▸ **Your objective**:
Output only the span of lines that begins at the line containing "by (fastforce simp: unit_vectors_of_def" and ends at the last line of the data, both included, exactly as they appear.

▸ **Data in this exercise**:
(* Let $\mathcal{Z}\subset\mathbb{R}^d$ be an integral, unit-generated lattice, and let $K$ be its Dirichlet region. Then $\partial K$ is contained in the union of the hyperplanes $\{x: x\cdot z=1/2\}$, where $z$ ranges over the elements of $\mathcal{Z}$ of norm $1$.
   Context: A lattice is a discrete additive subgroup of $\mathbb{R}^d$ with compact quotient. Integral: $z\cdot z\in\mathbb{Z}$ for all $z\in\mathcal{Z}$. Unit-generated: every element of $\mathcal{Z}$ is a sum of elements of $\mathcal{Z}$ of Euclidean norm $1$. Dirichlet region: $K=\{x:|x|\le|x-z|\ \forall z\in\mathcal{Z}\}$. *)

theory Defs
  imports "HOL-Analysis.Analysis"
begin

text \<open>A lattice in a Euclidean space: a discrete additive subgroup with compact
  quotient (equivalently: some bounded set of representatives covers the space
  by translates).\<close>
definition is_lattice :: "'a::euclidean_space set \<Rightarrow> bool" where
  "is_lattice Z \<longleftrightarrow>
     0 \<in> Z \<and> (\<forall>x\<in>Z. \<forall>y\<in>Z. x - y \<in> Z) \<and>
     (\<exists>e>0. \<forall>z\<in>Z. z \<noteq> 0 \<longrightarrow> e \<le> norm z) \<and>
     (\<exists>B. bounded B \<and> (\<forall>x. \<exists>z\<in>Z. \<exists>b\<in>B. x = z + b))"

definition integral_lattice :: "'a::euclidean_space set \<Rightarrow> bool" where
  "integral_lattice Z \<longleftrightarrow> (\<forall>z\<in>Z. z \<bullet> z \<in> \<int>)"

definition unit_vectors_of :: "'a::euclidean_space set \<Rightarrow> 'a set" where
  "unit_vectors_of Z = {z \<in> Z. norm z = 1}"

definition unit_generated :: "'a::euclidean_space set \<Rightarrow> bool" where
  "unit_generated Z \<longleftrightarrow>
     (\<forall>z\<in>Z. \<exists>xs. set xs \<subseteq> unit_vectors_of Z \<and> sum_list xs = z)"

definition dirichlet_region :: "'a::euclidean_space set \<Rightarrow> 'a set" where
  "dirichlet_region Z = {x. \<forall>z\<in>Z. norm x \<le> norm (x - z)}"

end

theory Submission
  imports Defs
begin

text \<open>Since \<open>|x|\<^sup>2 \<le> |x - z|\<^sup>2\<close> means \<open>2 x\<cdot>z \<le> z\<cdot>z\<close>, it suffices to show that the unit
  vectors alone cut out \<open>K\<close>, i.e. that \<open>x\<cdot>u \<le> 1/2\<close> for all units \<open>u\<close> forces
  \<open>2 x\<cdot>z \<le> z\<cdot>z\<close> for every \<open>z\<close>. Write \<open>z\<close> as a shortest sum of unit vectors
  \<open>u\<^sub>1 + \<dots> + u\<^sub>n\<close>. If two summands had \<open>u\<^sub>i\<cdot>u\<^sub>j < 0\<close>, integrality would force
  \<open>|u\<^sub>i + u\<^sub>j|\<^sup>2 \<in> {0, 1}\<close>, and the pair could be replaced by at most one summand.
  Hence all \<open>u\<^sub>i\<cdot>u\<^sub>j \<ge> 0\<close>, so \<open>z\<cdot>z \<ge> n \<ge> 2 x\<cdot>z\<close>. Finally, a set cut out by the
  half-spaces \<open>x\<cdot>u \<le> 1/2\<close> for \<open>u\<close> in a compact set has its boundary on the bounding
  hyperplanes, and the unit vectors of a lattice form a compact set.\<close>

lemma norm_le_norm_diff_iff:
  fixes x z :: "'a::real_inner"
  shows "norm x \<le> norm (x - z) \<longleftrightarrow> 2 * (x \<bullet> z) \<le> z \<bullet> z"
proof -
  have "norm x \<le> norm (x - z) \<longleftrightarrow> (norm x)\<^sup>2 \<le> (norm (x - z))\<^sup>2"
    by (simp add: norm_le_square)
  also have "\<dots> \<longleftrightarrow> 2 * (x \<bullet> z) \<le> z \<bullet> z"
    by (simp add: power2_norm_eq_inner inner_diff_left inner_diff_right inner_commute)
  finally show ?thesis .
qed

lemma inner_sum_list_right: "a \<bullet> sum_list xs = (\<Sum>b\<leftarrow>xs. a \<bullet> b)"
  by (induction xs) (auto simp: inner_add_right)

lemma closed_Inter_halfspaces_le: "closed {x::'a::real_inner. \<forall>u\<in>U. x \<bullet> u \<le> c}"
proof -
  have "closed {x::'a. x \<bullet> u \<le> c}" for u
    using closed_halfspace_le[of u c] by (simp add: inner_commute)
  then have "closed (\<Inter>u\<in>U. {x::'a. x \<bullet> u \<le> c})"
    by blast
  moreover have "{x. \<forall>u\<in>U. x \<bullet> u \<le> c} = (\<Inter>u\<in>U. {x. x \<bullet> u \<le> c})"
    by auto
  ultimately show ?thesis
    by (simp only:)
qed

lemma interior_Inter_halfspaces_le:
  fixes U :: "'a::real_inner set"
  assumes "compact U" and less: "\<And>u. u \<in> U \<Longrightarrow> x \<bullet> u < c"
  shows "x \<in> interior {x. \<forall>u\<in>U. x \<bullet> u \<le> c}"
proof (cases "U = {}")
  case True
  then show ?thesis by simp
next
  case False
  have "continuous_on U (\<lambda>u. x \<bullet> u)"
    by (intro continuous_intros)
  then obtain u0 where u0: "u0 \<in> U" "\<And>u. u \<in> U \<Longrightarrow> x \<bullet> u \<le> x \<bullet> u0"
    using continuous_attains_sup[OF assms(1) False] by blast
  obtain B where B: "B > 0" "\<And>u. u \<in> U \<Longrightarrow> norm u \<le> B"
    using compact_imp_bounded[OF assms(1)] bounded_pos by metis
  define r where "r = (c - x \<bullet> u0) / B"
  have "r > 0"
    using less[OF u0(1)] B(1) by (simp add: r_def)
  have "ball x r \<subseteq> {x. \<forall>u\<in>U. x \<bullet> u \<le> c}"
  proof (intro subsetI CollectI ballI)
    fix y u assume y: "y \<in> ball x r" and u: "u \<in> U"
    have "norm (y - x) < r"
      using y by (simp add: dist_norm norm_minus_commute)
    then have "norm (y - x) * B < c - x \<bullet> u0"
      using B(1) by (simp add: r_def pos_less_divide_eq)
    moreover have "(y - x) \<bullet> u \<le> norm (y - x) * B"
      using order_trans[OF norm_cauchy_schwarz mult_left_mono[OF B(2)[OF u] norm_ge_zero]] .
    ultimately show "y \<bullet> u \<le> c"
      using u0(2)[OF u] by (simp add: inner_diff_left)
  qed
  then have "ball x r \<subseteq> interior {x. \<forall>u\<in>U. x \<bullet> u \<le> c}"
    by (rule interior_maximal) simp
  then show ?thesis
    using \<open>r > 0\<close> centre_in_ball by blast
qed

lemma frontier_Inter_halfspaces_le_subset:
  fixes U :: "'a::real_inner set"
  assumes "compact U"
  shows "frontier {x. \<forall>u\<in>U. x \<bullet> u \<le> c} \<subseteq> (\<Union>u\<in>U. {x. x \<bullet> u = c})"
proof
  fix x assume x: "x \<in> frontier {x. \<forall>u\<in>U. x \<bullet> u \<le> c}"
  then have le: "x \<bullet> u \<le> c" if "u \<in> U" for u
    using that frontier_subset_closed[OF closed_Inter_halfspaces_le] by blast
  have "x \<notin> interior {x. \<forall>u\<in>U. x \<bullet> u \<le> c}"
    using x by (simp add: frontier_def)
  then obtain u where "u \<in> U" "\<not> x \<bullet> u < c"
    using interior_Inter_halfspaces_le[OF assms] by blast
  with le show "x \<in> (\<Union>u\<in>U. {x. x \<bullet> u = c})"
    by force
qed

lemma is_lattice_add:
  assumes "is_lattice Z" "a \<in> Z" "b \<in> Z"
  shows "a + b \<in> Z"
proof -
  have "0 - b \<in> Z"
    using assms unfolding is_lattice_def by blast
  then have "a - (0 - b) \<in> Z"
    using assms unfolding is_lattice_def by blast
  then show ?thesis by simp
qed

lemma is_lattice_closed:
  assumes "is_lattice Z"
  shows "closed Z"
proof -
  obtain e where e: "e > 0" "\<And>z. z \<in> Z \<Longrightarrow> z \<noteq> 0 \<Longrightarrow> e \<le> norm z"
    using assms unfolding is_lattice_def by blast
  show ?thesis
  proof (rule discrete_imp_closed[OF e(1)], intro ballI impI)
    fix x y assume "x \<in> Z" "y \<in> Z" "dist y x < e"
    moreover from \<open>x \<in> Z\<close> \<open>y \<in> Z\<close> have "y - x \<in> Z"
      using assms unfolding is_lattice_def by blast
    ultimately show "y = x"
      using e(2) by (metis dist_norm not_le eq_iff_diff_eq_0)
  qed
qed

lemma compact_unit_vectors_of:
  assumes "is_lattice Z"
  shows "compact (unit_vectors_of Z)"
proof -
  have "unit_vectors_of Z = Z \<inter> sphere 0 1"
    by (auto simp: unit_vectors_of_def)
  then show ?thesis
    using closed_Int_compact[OF is_lattice_closed[OF assms] compact_sphere] by simp
qed

lemma unit_vectors_of_add_obtuse:
  assumes "is_lattice Z" "integral_lattice Z"
    and a: "a \<in> unit_vectors_of Z" and b: "b \<in> unit_vectors_of Z" and "a \<bullet> b < 0"
  shows "a + b = 0 \<or> a + b \<in> unit_vectors_of Z"
proof -
  have "a + b \<in> Z"
    using is_lattice_add assms by (auto simp: unit_vectors_of_def)
  then obtain k :: int where k: "(a + b) \<bullet> (a + b) = of_int k"
    using \<open>integral_lattice Z\<close> unfolding integral_lattice_def by (blast elim: Ints_cases)
  have "a \<bullet> a = 1" "b \<bullet> b = 1"
    using a b by (auto simp: unit_vectors_of_def norm_eq_1)
  then have "(a + b) \<bullet> (a + b) = 2 + 2 * (a \<bullet> b)"
    by (simp add: inner_add_left inner_add_right inner_commute)
  then have "k = 0 \<or> k = 1"
    using k \<open>a \<bullet> b < 0\<close> inner_ge_zero[of "a + b"] by linarith
  then show ?thesis
    using k \<open>a + b \<in> Z\<close> by (auto simp: unit_vectors_of_def norm_eq_1)
qed

definition shortest_unit_sum :: "'a::euclidean_space set \<Rightarrow> 'a list \<Rightarrow> bool" where
  "shortest_unit_sum Z xs \<longleftrightarrow> set xs \<subseteq> unit_vectors_of Z \<and>
     (\<forall>ys. set ys \<subseteq> unit_vectors_of Z \<and> sum_list ys = sum_list xs \<longrightarrow> length xs \<le> length ys)"

lemma shortest_unit_sum_exists:
  assumes "unit_generated Z" "z \<in> Z"
  obtains xs where "shortest_unit_sum Z xs" "sum_list xs = z"
proof -
  let ?R = "\<lambda>xs. set xs \<subseteq> unit_vectors_of Z \<and> sum_list xs = z"
  obtain xs0 where "?R xs0"
    using assms unfolding unit_generated_def by blast
  then obtain xs where "?R xs" "\<And>ys. ?R ys \<Longrightarrow> length xs \<le> length ys"
    using ex_has_least_nat[of ?R xs0 length] by blast
  then show ?thesis
    using that unfolding shortest_unit_sum_def by blast
qed

lemma shortest_unit_sum_Cons:
  assumes "shortest_unit_sum Z (a # xs)"
  shows "shortest_unit_sum Z xs"
  unfolding shortest_unit_sum_def
proof (intro conjI allI impI)
  fix ys assume "set ys \<subseteq> unit_vectors_of Z \<and> sum_list ys = sum_list xs"
  then have "length (a # xs) \<le> length (a # ys)"
    using assms unfolding shortest_unit_sum_def by (metis insert_subset list.set(2) sum_list.Cons)
  then show "length xs \<le> length ys" by simp
qed (use assms in \<open>auto simp: shortest_unit_sum_def\<close>)

lemma shortest_unit_sum_inner_nonneg:
  assumes "is_lattice Z" "integral_lattice Z"
    and short: "shortest_unit_sum Z (a # xs)" and "b \<in> set xs"
  shows "a \<bullet> b \<ge> 0"
proof (rule ccontr)
  assume "\<not> a \<bullet> b \<ge> 0"
  obtain p q where xs: "xs = p @ b # q"
    using \<open>b \<in> set xs\<close> split_list by metis
  have units: "set (a # xs) \<subseteq> unit_vectors_of Z"
    using short by (simp add: shortest_unit_sum_def)
  have shorter: "length (a # xs) \<le> length ys"
    if "set ys \<subseteq> unit_vectors_of Z" "sum_list ys = sum_list (a # xs)" for ys
    using short that by (simp add: shortest_unit_sum_def)
  have sum: "sum_list (a # xs) = (a + b) + sum_list (p @ q)"
    by (simp add: xs algebra_simps)
  have "a + b = 0 \<or> a + b \<in> unit_vectors_of Z"
    using units \<open>\<not> a \<bullet> b \<ge> 0\<close> unit_vectors_of_add_obtuse[OF assms(1,2)]
    by (simp add: xs)
  have rest: "set (p @ q) \<subseteq> unit_vectors_of Z"
    using units by (simp add: xs)
  show False
  proof (cases "a + b = 0")
    case True
    then have "length (a # xs) \<le> length (p @ q)"
      using shorter[OF rest] sum by simp
    then show False
      by (simp add: xs)
  next
    case False
    with \<open>a + b = 0 \<or> a + b \<in> unit_vectors_of Z\<close>
    have "set ((a + b) # p @ q) \<subseteq> unit_vectors_of Z"
      using rest by simp
    from shorter[OF this] have "length (a # xs) \<le> length ((a + b) # p @ q)"
      using sum by simp
    then show False
      by (simp add: xs)
  qed
qed

lemma shortest_unit_sum_length_le:
  assumes "is_lattice Z" "integral_lattice Z" "shortest_unit_sum Z xs"
  shows "real (length xs) \<le> sum_list xs \<bullet> sum_list xs"
  using assms(3)
proof (induction xs)
  case Nil
  then show ?case by simp
next
  case (Cons a xs)
  have "a \<bullet> a = 1"
    using Cons.prems by (auto simp: shortest_unit_sum_def unit_vectors_of_def norm_eq_1)
  moreover have "0 \<le> a \<bullet> sum_list xs"
    unfolding inner_sum_list_right
    by (rule sum_list_nonneg) (auto intro: shortest_unit_sum_inner_nonneg[OF assms(1,2) Cons.prems])
  moreover have "real (length xs) \<le> sum_list xs \<bullet> sum_list xs"
    using Cons shortest_unit_sum_Cons by blast
  ultimately show ?case
    by (simp add: inner_add_left inner_add_right inner_commute)
qed

lemma dirichlet_region_eq_unit_halfspaces:
  fixes Z :: "'a::euclidean_space set"
  assumes "is_lattice Z" "integral_lattice Z" "unit_generated Z"
  shows "dirichlet_region Z = {x. \<forall>u\<in>unit_vectors_of Z. x \<bullet> u \<le> 1/2}"
proof -
  have "2 * (x \<bullet> z) \<le> z \<bullet> z"
    if x: "\<forall>u\<in>unit_vectors_of Z. x \<bullet> u \<le> 1/2" and "z \<in> Z" for x z :: 'a
  proof -
    obtain xs where xs: "shortest_unit_sum Z xs" "sum_list xs = z"
      using shortest_unit_sum_exists assms(3) \<open>z \<in> Z\<close> by blast
    have "x \<bullet> z = (\<Sum>b\<leftarrow>xs. x \<bullet> b)"
      using xs(2) inner_sum_list_right by metis
    also have "\<dots> \<le> (\<Sum>b\<leftarrow>xs. 1/2)"
      using x xs(1) by (intro sum_list_mono) (auto simp: shortest_unit_sum_def)
    also have "\<dots> = real (length xs) / 2"
      by (simp add: sum_list_triv)
    finally show ?thesis
      using shortest_unit_sum_length_le[OF assms(1,2) xs(1)] xs(2) by simp
  qed
  then show ?thesis
    unfolding dirichlet_region_def norm_le_norm_diff_iff
    by (fastforce simp: unit_vectors_of_def norm_eq_1)
qed

theorem lemma4p7:
  fixes Z :: "'a::euclidean_space set"
  assumes "is_lattice Z" and "integral_lattice Z" and "unit_generated Z"
  shows "frontier (dirichlet_region Z) \<subseteq>
           (\<Union>z\<in>unit_vectors_of Z. {x. x \<bullet> z = 1/2})"
  unfolding dirichlet_region_eq_unit_halfspaces[OF assms]
  using frontier_Inter_halfspaces_le_subset[OF compact_unit_vectors_of[OF assms(1)]] .

end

▸ **Task solution**:
    by (fastforce simp: unit_vectors_of_def norm_eq_1)
qed

theorem lemma4p7:
  fixes Z :: "'a::euclidean_space set"
  assumes "is_lattice Z" and "integral_lattice Z" and "unit_generated Z"
  shows "frontier (dirichlet_region Z) \<subseteq>
           (\<Union>z\<in>unit_vectors_of Z. {x. x \<bullet> z = 1/2})"
  unfolding dirichlet_region_eq_unit_halfspaces[OF assms]
  using frontier_Inter_halfspaces_le_subset[OF compact_unit_vectors_of[OF assms(1)]] .

end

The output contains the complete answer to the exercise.